Action item ▸
Exactly retype the lines of the material from its first line to the line with "q ** mat_unit", including both.

Given records ▸
lemma mat_unit_diff_in_mat_span_mlpoly_image:
  fixes alpha :: "(nat \<Rightarrow> nat) \<Rightarrow> 'a::field"
  assumes s0: "s0 permutes {1..m}" and "alpha s0 \<noteq> 0" and "2 \<le> m"
    and "m < 2 * CARD('n::finite)" and "p \<noteq> (q::'n)"
  shows "(mat_unit p p - mat_unit q q :: 'a^'n^'n) \<in> mat_span (mlpoly_image m alpha)"
proof -
  define g :: "'a^'n^'n" where "g = mat 1 + mat_unit p q"
  define g' :: "'a^'n^'n" where "g' = mat 1 - mat_unit p q"
  have nilpotent: "mat_unit p q ** mat_unit p q = (0::'a^'n^'n)"
    using \<open>p \<noteq> q\<close> by (simp add: mat_unit_mult)
  have "g ** g' = mat 1" and "g' ** g = mat 1"
    unfolding g_def g'_def
    by (simp_all add: matrix_add_ldistrib matrix_add_rdistrib matrix_diff_ldistrib
        matrix_diff_rdistrib nilpotent)
  then have "g ** matscale (alpha s0) (mat_unit q p) ** g' \<in> mlpoly_image m alpha"
    by (rule mlpoly_image_similar)
      (rule scaled_mat_unit_in_mlpoly_image[OF s0 assms(3,4) not_sym[OF \<open>p \<noteq> q\<close>]])
  moreover have "g ** mat_unit q p ** g' = mat_unit q p + mat_unit p p - mat_unit q q - mat_unit p q"
    using \<open>p \<noteq> q\<close> unfolding g_def g'_def
    by (simp add: matrix_add_ldistrib matrix_add_rdistrib matrix_diff_ldistrib
        matrix_diff_rdistrib mat_unit_mult)
  ultimately have "matscale (alpha s0) (mat_unit q p + mat_unit p p - mat_unit q q - mat_unit p q)
      \<in> mat_span (mlpoly_image m alpha)"
    unfolding matrix_mult_matscale matscale_matrix_mult
    by (simp add: mat_span_base)
  then have conj: "mat_unit q p + mat_unit p p - mat_unit q q - mat_unit p q
      \<in> mat_span (mlpoly_image m alpha)"
    by (rule mat_span_scale_cancel[OF \<open>alpha s0 \<noteq> 0\<close>])
  have pq: "mat_unit p q \<in> mat_span (mlpoly_image m alpha)"
    and qp: "mat_unit q p \<in> mat_span (mlpoly_image m alpha)"
    using mat_unit_in_mat_span_mlpoly_image[where alpha = alpha, OF assms(1-4)] \<open>p \<noteq> q\<close>
    by auto
  have "(mat_unit q p + mat_unit p p - mat_unit q q - mat_unit p q) - mat_unit q p + mat_unit p q
      \<in> mat_span (mlpoly_image m alpha)"
    by (intro mat_span_add mat_span_diff conj pq qp)
  then show ?thesis by (simp add: algebra_simps)
qed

The completed task ▸
lemma mat_unit_diff_in_mat_span_mlpoly_image:
  fixes alpha :: "(nat \<Rightarrow> nat) \<Rightarrow> 'a::field"
  assumes s0: "s0 permutes {1..m}" and "alpha s0 \<noteq> 0" and "2 \<le> m"
    and "m < 2 * CARD('n::finite)" and "p \<noteq> (q::'n)"
  shows "(mat_unit p p - mat_unit q q :: 'a^'n^'n) \<in> mat_span (mlpoly_image m alpha)"
proof -
  define g :: "'a^'n^'n" where "g = mat 1 + mat_unit p q"
  define g' :: "'a^'n^'n" where "g' = mat 1 - mat_unit p q"
  have nilpotent: "mat_unit p q ** mat_unit p q = (0::'a^'n^'n)"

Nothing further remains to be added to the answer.